Ну и, справедливости для, кто вас заставляет «ревизоры» ставить в общую с клиентами сеть с одинаковыми правилами фильтрации? :)
«требование должно содержать доменное имя сайта в сети „Интернет“, сетевой адрес, указатели страниц сайта в сети „Интернет“, позволяющие идентифицировать такую информацию»
Федеральный закон от 28 декабря 2013 г. N 398-ФЗ
Ну это первое что попалось на глаза по поиску «закон о блокировке»
С резолвингом же есть совершенно прекрасное по формулировке официальное письмо регионального РКН «В соответствии с указаниями ЦА РКН необходимо в срочном порядке обеспечить блокирование запрещённых ресурсов в установленном законодательством порядке, без учёта последних требований „резолвинга“». Из которого вполне прозрачно (во всяком случае, наши юристы радостно захлопали), что резолвинг не входит в установленный законодательством порядок. Правом же самовольно расширять требования законодательства РКН не обладает.
Хых, не умеют российские спецслужбы работать "правильно и тонко". Вон Ассанж выделился с Wiwkileaks и мгновенно получил обвинение… в изнасиловании… от Швеции!!!
Что-вы — никакого загнобления свободы слова… "Онижедемократия". Обычная криминальная бытовуха.
как жаль что законодательство не проходит стадию RFC ^)
P.S. Запомните, слово сол пишется с мягким знаком, а слово тарел
какие последствия
При переполнении TCAM маршрутизатор может начать обрабатывать трафик не на data plane, а на control plane. Это может привести к 100%ной загрузке CPU маршрутизатора и потери части трафика (возможно, большой). Перегрузка CPU теоретически может привести к проблемам с пирингом и выпадением этого маршрутизатора из сети. Учитывая, что магистральные провайдеры как РЕТН обрабатывают большую часть трафика, трафик пойдёт другим маршрутом: либо через другой маршрутизатор (перегрузив, возможно, и его), либо через другого провайдера (где каналы тоже не бесконечны). Что может теоретически привести к каскадному распространению аварии. Т.е., грубо говоря, в России внезапно выключится Интернет.
Я не знаю цифр про запас по объему таблиц маршрутизации, про запас по каналам, есть ли автоматически включаемый fallback вида "при отказе фильтра пустить всё напрямую", поэтому сценарий "грянет" считаю гипотетически возможным.

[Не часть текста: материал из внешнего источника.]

lemma shifted_axis_sublattice:
  fixes c s :: real and r :: int
  assumes trace: "real CARD('n) * c + s = 1"
  shows "lattice_gen (shifted_axis (of_int r * (c + 1)) (of_int r * s))
           \<subseteq> lattice_gen (shifted_axis c s :: 'n::finite \<Rightarrow> real^'n)"
proof (rule lattice_gen_subset)
  fix i :: 'n
  define k :: "'n \<Rightarrow> int" where "k j = r + (if j = i then r else 0)" for j
  have sum_k: "(\<Sum>j\<in>UNIV. real_of_int (k j)) = of_int r * (1 + real CARD('n))"
    by (simp add: k_def sum.distrib if_distrib[of real_of_int] algebra_simps cong: if_cong)
  have "shifted_axis (of_int r * (c + 1)) (of_int r * s) i $ l
        = (\<Sum>j\<in>UNIV. of_int (k j) *\<^sub>R shifted_axis c s j) $ l" for l
  proof -
    have "of_int r * (real CARD('n) * c + s) = real_of_int r" using trace by simp
    then show ?thesis
      unfolding sum_scaled_shifted_axis_component sum_k shifted_axis_component
      by (cases "l = i") (simp_all add: k_def algebra_simps)
  qed
  then have "shifted_axis (of_int r * (c + 1)) (of_int r * s) i
      = (\<Sum>j\<in>UNIV. of_int (k j) *\<^sub>R shifted_axis c s j)"
    by (simp add: vec_eq_iff del: sum_component)
  then show "shifted_axis (of_int r * (c + 1)) (of_int r * s) i \<in> lattice_gen (shifted_axis c s)"
    unfolding lattice_gen_eq_range by (rule range_eqI[where x=k])
qed

lemma shifted_axis_lattice_iso_scaled_A_lattice:
  fixes c s r :: real
  assumes trace: "real CARD('n) * c + s = 1" and norm: "s\<^sup>2 = real CARD('n) + 1" and "r \<noteq> 0"
  shows "lattice_iso (lattice_gen (shifted_axis (r * (c + 1)) (r * s) :: 'n::finite \<Rightarrow> real^'n))
           (scale_set (\<bar>r\<bar> * s) (A_lattice :: (real^('n option)) set))"
proof -
  have "s \<noteq> 0" using norm by auto
  have "real CARD('n) * (r * (c + 1)) + r * s
      = r * (real CARD('n) * c + s) + r * real CARD('n)"
    by (simp add: algebra_simps)
  then have "real CARD('n) * (r * (c + 1)) + r * s = r * (real CARD('n) + 1)"
    unfolding trace by (simp add: algebra_simps)
  then have "real CARD('n) * (r * (c + 1)) + r * s \<noteq> 0"
    using \<open>r \<noteq> 0\<close> by (simp add: add_nonneg_eq_0_iff)
  moreover have "inner ((\<bar>r\<bar> * s) *\<^sub>R A_root i) ((\<bar>r\<bar> * s) *\<^sub>R A_root j)
      = inner (shifted_axis (r * (c + 1)) (r * s) i)
          (shifted_axis (r * (c + 1)) (r * s) j :: real^'n)" for i j
  proof -
    let ?\<delta> = "if i = j then 1 else 0 :: real"
    have "inner ((\<bar>r\<bar> * s) *\<^sub>R A_root i) ((\<bar>r\<bar> * s) *\<^sub>R A_root j)
        = (\<bar>r\<bar> * s)\<^sup>2 * inner (A_root i) (A_root j)"
      by (simp add: power2_eq_square)
    also have "\<dots> = r\<^sup>2 * (real CARD('n) + 1) * (1 + ?\<delta>)"
      using norm by (simp add: inner_A_root power_mult_distrib)
    also have "\<dots> = r\<^sup>2 * (real CARD('n) * (c + 1)\<^sup>2 + 2 * (c + 1) * s) + r\<^sup>2 * s\<^sup>2 * ?\<delta>"
      using shifted_axis_gram_identities(2)[OF trace norm] norm by (simp add: algebra_simps)
    also have "\<dots> = inner (shifted_axis (r * (c + 1)) (r * s) i)
        (shifted_axis (r * (c + 1)) (r * s) j)"
      by (simp add: inner_shifted_axis algebra_simps power2_eq_square)
    finally show ?thesis .
  qed
  ultimately show ?thesis
    unfolding A_lattice_eq_lattice_gen scale_set_lattice_gen
    using \<open>s \<noteq> 0\<close> \<open>r \<noteq> 0\<close>
    by (intro lattice_iso_if_gram_eq inj_shifted_axis independent_shifted_axis) auto
qed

Статью написал для того, чтоб обратить внимание на потенциальную мину в "критической инфраструктуре", подложенную РКН :-)

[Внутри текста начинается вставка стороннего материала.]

(* Suppose Assumption 1 (context) holds. For ARDCA as in the context, every $k\ge0$ (every realization) and every $u\in\mathbb{D}$, $$-\sum_{i=1}^n\sigma_1(u_i,\tilde z_i^k)-\sigma_2(u,v^k)=\langle\triangle(x^*(v^k),ny^k),u\rangle+D(u)+f(x^*(v^k))+\frac1n\phi(ny^k),$$ where $\triangle(x,y)=[(A^Tx-y)^T/n,(Bx+b)^T,g_1(x),\dots,g_m(x)]^T$ for $x\in\mathbb{R}^t,y\in\mathbb{R}^n$, and $\phi(y)=\sum_{i=1}^n\phi_i(y_i)$.
   Context: Data: integers $n,t\ge1$, $p,m\ge0$; $A\in\mathbb{R}^{t\times n}$ (columns $A_j$), $B\in\mathbb{R}^{p\times t}$ (rows $B_{j,:}$), $b\in\mathbb{R}^p$; $f:\mathbb{R}^t\to\mathbb{R}$, $\phi_i:\mathbb{R}\to\mathbb{R}$, $g_i:\mathbb{R}^t\to\mathbb{R}$. Primal problem: minimize $f(x)+\frac1n\sum_i\phi_i(A_i^Tx)$ s.t. $Bx+b=0$, $g_i(x)\le0$. Assumption 1: $f$ $\mu$-strongly convex ($\mu>0$); $\phi_i$ convex and $M$-Lipschitz; $g_i$ convex with subgradients of norm $\le L_{g_i}$; a Slater point $\bar x$ ($g_i(\bar x)<0$, $B\bar x+b=0$) exists; the optimal value is finite. Dual: $\widehat n=n+p+m$, $\mathbb{D}=\{u:u_{n+p+1},\dots,u_{\widehat n}\ge0\}$, $L_f(x,u)=f(x)+\langle u_{1:n},A^Tx/n\rangle+\langle u_{n+1:n+p},Bx+b\rangle+\sum_iu_{n+p+i}g_i(x)$, $x^*(u)=\arg\min_xL_f(x,u)$, $d(u)=-L_f(x^*(u),u)$ with $\nabla d(u)=-[(A^Tx^*(u)/n)^T,(Bx^*(u)+b)^T,g(x^*(u))^T]^T$ on $\mathbb{D}$; $h_i=\frac1n\phi_i^*$ ($i\le n$, $\phi_i^*$ the convex conjugate), $h_i\equiv0$ ($n<i\le n+p$), $h_i$ = indicator of $[0,\infty)$ ($i>n+p$); $D(u)=d(u)+\sum_ih_i(u_i)$. $L_j=\|A_j\|^2/(n^2\mu)$ ($j\le n$), $\|B_{j-n,:}\|^2/\mu$ ($n<j\le n+p$), $L_{g_{j-n-p}}^2/\mu$ ($j>n+p$). ARDCA: $\theta_0=1/\widehat n$, $\theta_{k+1}=\frac{\sqrt{\theta_k^4+4\theta_k^2}-\theta_k^2}{2}$; $z^0=u^0\in\mathbb{D}$; for $k\ge0$: $v^k=\theta_kz^k+(1-\theta_k)u^k$; for every $i$, $\tilde z_i^k=\arg\min_{w\in\mathbb{R}}\widehat n\theta_kL_i(w-z_i^k)^2+\nabla_id(v^k)(w-z_i^k)+h_i(w)$; $i_k$ uniform on $\{1,\dots,\widehat n\}$; $z^{k+1}_{i_k}=\tilde z^k_{i_k}$, $z^{k+1}_j=z^k_j$ ($j\ne i_k$); $u^{k+1}=v^k+\widehat n\theta_k(z^{k+1}-z^k)$. Auxiliary quantities: $y_i^k=-2\widehat n\theta_kL_i(\tilde z_i^k-z_i^k)-\nabla_id(v^k)$ for $1\le i\le n$, $y^k=(y^k_1,\dots,y^k_n)$; for $i\le n$, $\sigma_1(u_i,\tilde z_i^k)=h_i(\tilde z_i^k)+y_i^k(u_i-\tilde z_i^k)-h_i(u_i)$; $\sigma_2(u,v^k)=d(v^k)+\langle\nabla d(v^k),u-v^k\rangle-d(u)$. *)

theory Defs
  imports "HOL-Analysis.Analysis" "HOL-Library.Extended_Real"
begin

text \<open>Dual vectors u in R^nhat
  (nhat = n+p+m) are functions nat => real, of which only the entries 1..nhat matter.
  The columns of A are A 1, ..., A n; the rows of B are Bm 1, ..., Bm p.\<close>

definition strongly_convex :: "real \<Rightarrow> ('a::real_normed_vector \<Rightarrow> real) \<Rightarrow> bool" where
  "strongly_convex \<mu> f \<longleftrightarrow> (\<forall>x y. \<forall>l::real. 0 \<le> l \<and> l \<le> 1 \<longrightarrow>
     f (l *\<^sub>R x + (1 - l) *\<^sub>R y) \<le> l * f x + (1 - l) * f y - \<mu> / 2 * l * (1 - l) * (norm (x - y))\<^sup>2)"

definition is_subgrad :: "('a::real_inner \<Rightarrow> real) \<Rightarrow> 'a \<Rightarrow> 'a \<Rightarrow> bool" where
  "is_subgrad g x s \<longleftrightarrow> (\<forall>y. g x + inner s (y - x) \<le> g y)"

definition conj_fun :: "(real \<Rightarrow> real) \<Rightarrow> real \<Rightarrow> ereal" where
  "conj_fun \<phi> s = (SUP y. ereal (s * y - \<phi> y))"

definition dual_dom :: "nat \<Rightarrow> nat \<Rightarrow> nat \<Rightarrow> (nat \<Rightarrow> real) set" where
  "dual_dom n p m = {u. \<forall>i \<in> {n+p+1..n+p+m}. 0 \<le> u i}"

definition lagr :: "nat \<Rightarrow> nat \<Rightarrow> nat \<Rightarrow> (nat \<Rightarrow> real^'t::finite) \<Rightarrow> (nat \<Rightarrow> real^'t) \<Rightarrow> (nat \<Rightarrow> real)
    \<Rightarrow> (real^'t \<Rightarrow> real) \<Rightarrow> (nat \<Rightarrow> real^'t \<Rightarrow> real) \<Rightarrow> real^'t \<Rightarrow> (nat \<Rightarrow> real) \<Rightarrow> real" where
  "lagr n p m A Bm b f g x u =
     f x + (\<Sum>i=1..n. u i * (inner (A i) x / real n))
         + (\<Sum>j=1..p. u (n+j) * (inner (Bm j) x + b j))
         + (\<Sum>i=1..m. u (n+p+i) * g i x)"

text \<open>x^*(u) = argmin_x L_f(x,u) (unique on \<D> under Assumption 1).\<close>
definition xstar :: "nat \<Rightarrow> nat \<Rightarrow> nat \<Rightarrow> (nat \<Rightarrow> real^'t::finite) \<Rightarrow> (nat \<Rightarrow> real^'t) \<Rightarrow> (nat \<Rightarrow> real)
    \<Rightarrow> (real^'t \<Rightarrow> real) \<Rightarrow> (nat \<Rightarrow> real^'t \<Rightarrow> real) \<Rightarrow> (nat \<Rightarrow> real) \<Rightarrow> real^'t" where
  "xstar n p m A Bm b f g u =
     (THE x. \<forall>y. lagr n p m A Bm b f g x u \<le> lagr n p m A Bm b f g y u)"

definition dual_d :: "nat \<Rightarrow> nat \<Rightarrow> nat \<Rightarrow> (nat \<Rightarrow> real^'t::finite) \<Rightarrow> (nat \<Rightarrow> real^'t) \<Rightarrow> (nat \<Rightarrow> real)
    \<Rightarrow> (real^'t \<Rightarrow> real) \<Rightarrow> (nat \<Rightarrow> real^'t \<Rightarrow> real) \<Rightarrow> (nat \<Rightarrow> real) \<Rightarrow> real" where
  "dual_d n p m A Bm b f g u =
     - lagr n p m A Bm b f g (xstar n p m A Bm b f g u) u"

definition cmap :: "nat \<Rightarrow> nat \<Rightarrow> (nat \<Rightarrow> real^'t::finite) \<Rightarrow> (nat \<Rightarrow> real^'t) \<Rightarrow> (nat \<Rightarrow> real)
    \<Rightarrow> (nat \<Rightarrow> real^'t \<Rightarrow> real) \<Rightarrow> real^'t \<Rightarrow> nat \<Rightarrow> real" where
  "cmap n p A Bm b g x i =
     (if i \<le> n then inner (A i) x / real n
      else if i \<le> n + p then inner (Bm (i - n)) x + b (i - n)
      else g (i - n - p) x)"

text \<open>The gradient of d on \<D>, given by the formula of the paper:
  grad d(u) = -[A^T x^*(u)/n; B x^*(u) + b; g(x^*(u))].\<close>
definition grad_d :: "nat \<Rightarrow> nat \<Rightarrow> nat \<Rightarrow> (nat \<Rightarrow> real^'t::finite) \<Rightarrow> (nat \<Rightarrow> real^'t) \<Rightarrow> (nat \<Rightarrow> real)
    \<Rightarrow> (real^'t \<Rightarrow> real) \<Rightarrow> (nat \<Rightarrow> real^'t \<Rightarrow> real) \<Rightarrow> (nat \<Rightarrow> real) \<Rightarrow> nat \<Rightarrow> real" where
  "grad_d n p m A Bm b f g u i = - cmap n p A Bm b g (xstar n p m A Bm b f g u) i"

definition hfun :: "nat \<Rightarrow> nat \<Rightarrow> (nat \<Rightarrow> real \<Rightarrow> real) \<Rightarrow> nat \<Rightarrow> real \<Rightarrow> ereal" where
  "hfun n p \<phi> i w =
     (if i \<le> n then conj_fun (\<phi> i) w / ereal (real n)
      else if i \<le> n + p then 0
      else if 0 \<le> w then 0 else \<infinity>)"

definition dual_D :: "nat \<Rightarrow> nat \<Rightarrow> nat \<Rightarrow> (nat \<Rightarrow> real^'t::finite) \<Rightarrow> (nat \<Rightarrow> real^'t) \<Rightarrow> (nat \<Rightarrow> real)
    \<Rightarrow> (real^'t \<Rightarrow> real) \<Rightarrow> (nat \<Rightarrow> real \<Rightarrow> real) \<Rightarrow> (nat \<Rightarrow> real^'t \<Rightarrow> real) \<Rightarrow> (nat \<Rightarrow> real) \<Rightarrow> ereal" where
  "dual_D n p m A Bm b f \<phi> g u =
     ereal (dual_d n p m A Bm b f g u) + (\<Sum>i=1..n+p+m. hfun n p \<phi> i (u i))"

Классическое "Если что-то может пойти не так, оно пойдёт не так".
Если оставить всё, как сейчас, то это тупо вопрос времени, как и в случае с уже произошедшим инцидентом.

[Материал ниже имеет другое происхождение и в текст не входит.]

lemma less_iff_of_power2_eq_mult:
  fixes c R h :: real
  assumes "c\<^sup>2 = R * h" "0 \<le> c" "0 < R"
  shows "c < R \<longleftrightarrow> h < R" and "R < c \<longleftrightarrow> R < h"
proof -
  have "c < R \<longleftrightarrow> R * h < R * R" "R < c \<longleftrightarrow> R * R < R * h"
    using less_iff_power2_less[of c R] less_iff_power2_less[of R c] assms
    by (simp_all add: power2_eq_square)
  then show "c < R \<longleftrightarrow> h < R" "R < c \<longleftrightarrow> R < h" using \<open>0 < R\<close> by simp_all
qed

lemma circumradius_pos:
  fixes A B Oc :: point
  assumes "A \<noteq> B" "norm (A - Oc) = R" "norm (B - Oc) = R"
  shows "R > 0"
  using assms by (metis norm_eq_zero norm_ge_zero order_le_less right_minus_eq)

lemma acute_obtuse_iff_orthocentre_distance:
  fixes A B C Oc :: point
  assumes noncollinear: "\<not> collinear {A, B, C}"
    and on_circle: "norm (A - Oc) = R" "norm (B - Oc) = R" "norm (C - Oc) = R"
  shows "(acute_triangle A B C \<longleftrightarrow> norm ((A - Oc) + (B - Oc) + (C - Oc)) < R) \<and>
         (obtuse_triangle A B C \<longleftrightarrow> norm ((A - Oc) + (B - Oc) + (C - Oc)) > R)"
proof -
  define x1 x2 x3 where "x1 = A - Oc" and "x2 = B - Oc" and "x3 = C - Oc"
  define h where "h = x1 + x2 + x3"
  define dA dB dC where "dA = (x2 - x1) \<bullet> (x3 - x1)" and "dB = (x1 - x2) \<bullet> (x3 - x2)"
    and "dC = (x1 - x3) \<bullet> (x2 - x3)"
  have distinct: "A \<noteq> B" "B \<noteq> C" "C \<noteq> A"
    using noncollinear by (auto simp: insert_commute)
  have sides: "(x2 - x1) \<bullet> (x2 - x1) > 0" "(x3 - x2) \<bullet> (x3 - x2) > 0" "(x1 - x3) \<bullet> (x1 - x3) > 0"
    using distinct unfolding x1_def x2_def x3_def by auto
  have "R > 0" using distinct(1) on_circle(1,2) by (rule circumradius_pos)
  have "x1 \<bullet> x1 = R\<^sup>2" "x2 \<bullet> x2 = R\<^sup>2" "x3 \<bullet> x3 = R\<^sup>2"
    using on_circle unfolding x1_def x2_def x3_def by (simp_all flip: power2_norm_eq_inner)
  from orthocentre_circumcentre_identity[OF this]
  have euler: "(R\<^sup>2 - (norm h)\<^sup>2)
      * (((x2 - x1) \<bullet> (x2 - x1)) * ((x3 - x2) \<bullet> (x3 - x2)) * ((x1 - x3) \<bullet> (x1 - x3)))
    = 8 * R\<^sup>2 * (dA * dB * dC)"
    unfolding h_def dA_def dB_def dC_def power2_norm_eq_inner .
  have "dA + dB > 0" "dB + dC > 0" "dA + dC > 0"
    using sides unfolding dA_def dB_def dC_def
    by (simp_all add: inner_diff inner_commute algebra_simps)
  note sign = sign_of_product_if_pairwise_sums_pos[OF this]
  define P where "P = ((x2 - x1) \<bullet> (x2 - x1)) * ((x3 - x2) \<bullet> (x3 - x2)) * ((x1 - x3) \<bullet> (x1 - x3))"
  have "P > 0" unfolding P_def using sides by simp
  have "norm h < R \<longleftrightarrow> (R\<^sup>2 - (norm h)\<^sup>2) * P > 0"
    using less_iff_power2_less[of "norm h" R] \<open>R > 0\<close> \<open>P > 0\<close> by (simp add: zero_less_mult_iff)
  also have "\<dots> \<longleftrightarrow> dA * dB * dC > 0"
    unfolding P_def euler using \<open>R > 0\<close> by (simp add: zero_less_mult_iff)
  finally have acute: "norm h < R \<longleftrightarrow> dA * dB * dC > 0" .
  have "norm h > R \<longleftrightarrow> (R\<^sup>2 - (norm h)\<^sup>2) * P < 0"
    using less_iff_power2_less[of R "norm h"] \<open>R > 0\<close> \<open>P > 0\<close> by (simp add: mult_less_0_iff)
  also have "\<dots> \<longleftrightarrow> dA * dB * dC < 0"
    unfolding P_def euler using \<open>R > 0\<close> by (simp add: mult_less_0_iff)
  finally have obtuse: "norm h > R \<longleftrightarrow> dA * dB * dC < 0" .
  show ?thesis
    using sign acute obtuse
    unfolding acute_triangle_iff_inner[OF distinct] obtuse_triangle_iff_inner[OF distinct]
    by (simp add: h_def dA_def dB_def dC_def x1_def x2_def x3_def)
qed

theorem corollary2p1:
  fixes A B C Oc F1 F2 :: point and a R :: real
  assumes "nondegenerate_triangle A B C"
    and "dist F1 F2 < 2 * a"
    and "circumscribed_about A B C (ellipse F1 F2 a)"
    and "is_circumcenter Oc A B C"
    and "R = dist Oc A"
    and "ellipse_center F1 F2 = Oc"
  shows "(acute_triangle A B C \<longleftrightarrow> R > linear_eccentricity F1 F2) \<and>
         (obtuse_triangle A B C \<longleftrightarrow> R < linear_eccentricity F1 F2)"
proof -
  have noncollinear: "\<not> collinear {A, B, C}"
    using assms(1) unfolding nondegenerate_triangle_def .
  then have distinct: "A \<noteq> B" "B \<noteq> C" "C \<noteq> A" by (auto simp: insert_commute)
  have on_circle: "norm (A - Oc) = R" "norm (B - Oc) = R" "norm (C - Oc) = R"
    using assms(4,5) unfolding is_circumcenter_def by (simp_all add: dist_norm norm_minus_commute)
  note tangency = tangent_line_ellipse_imp_tangency_criterion[OF assms(2,6)]
  have "tangency_criterion (F1 - Oc) a (A - Oc) (B - Oc)"
    "tangency_criterion (F1 - Oc) a (B - Oc) (C - Oc)"
    "tangency_criterion (F1 - Oc) a (C - Oc) (A - Oc)"
    using tangency[OF distinct(1)] tangency[OF distinct(2)] tangency[OF distinct(3)] assms(3)
    unfolding circumscribed_about_def by blast+
  then have "(norm (F1 - Oc))\<^sup>2 = R * norm ((A - Oc) + (B - Oc) + (C - Oc))"
    using focal_distance_sq_of_circumscribed_triangle on_circle noncollinear by blast
  note compare =
    less_iff_of_power2_eq_mult[OF this norm_ge_zero circumradius_pos[OF distinct(1) on_circle(1,2)]]
  have "linear_eccentricity F1 F2 = norm (F1 - Oc)"
    unfolding linear_eccentricity_def dist_foci_eq[OF assms(6)] by simp
  then show ?thesis
    using acute_obtuse_iff_orthocentre_distance[OF noncollinear on_circle] compare by simp
qed

end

Да, примерно о том и речь.
Стоит отметить, что я сварщик не настоящий, и не очень глубоко разбираюсь в том, как обрабатывается трафик у магистральных провайдеров и как себя ведёт "большое" операторское железо при подобной перегрузке.
как себя ведёт «большое» операторское железо при подобной перегрузке.
Я так думаю что так же как и «маленькое». Например в 2014 году в Америке многие провайдеры просто слегли из-за того что у старого оборудования произошло переполнение BGP таблицы.
Предполагаю, что 99% запросов — запросы от АП Ревизор, установленных у каждого оператора связи
(для проверки — сделайте выборку по user agent в запросах)
Сейчас Ревизоры заняты проверкой белых списков, на блокировки внимания на обращают.
После 16.06 счетчики с запросами на ресурсы из реестра запрещенны сайтов закрутятся снова.
user agent в запросах
Какая-то часть запросов наверняка от Ревизоров, да. Если кто-то хочет погрепать логи, могу отгрузить access.log чтоб посмотреть на HTTP трафик приходящий параллельно с DNS. А про какой user-agent в DNS-запросах речь? :)
А вы смелый человек, раз проделываете такое внутри российской "юрисдикции". Роскомпозор уже начал охоту на ведьм — поиски стрелочников, на которых можно повесить свои косяки (и, например, убытки банков). На данный момент они решили, что это те, кто купил освободившиеся заблокированные домены… Такие исследования и публикации надо делать из под трёх слоёв анонимности. Один мой знакомый попадал под похищение ментами с рабочего места, увоз в наручниках и содержание под арестом в другом городе за куда меньшее "преступление" — обсуждение на форуме потенциальной уязвимости "золотой короны". Да минует вас чаша сия.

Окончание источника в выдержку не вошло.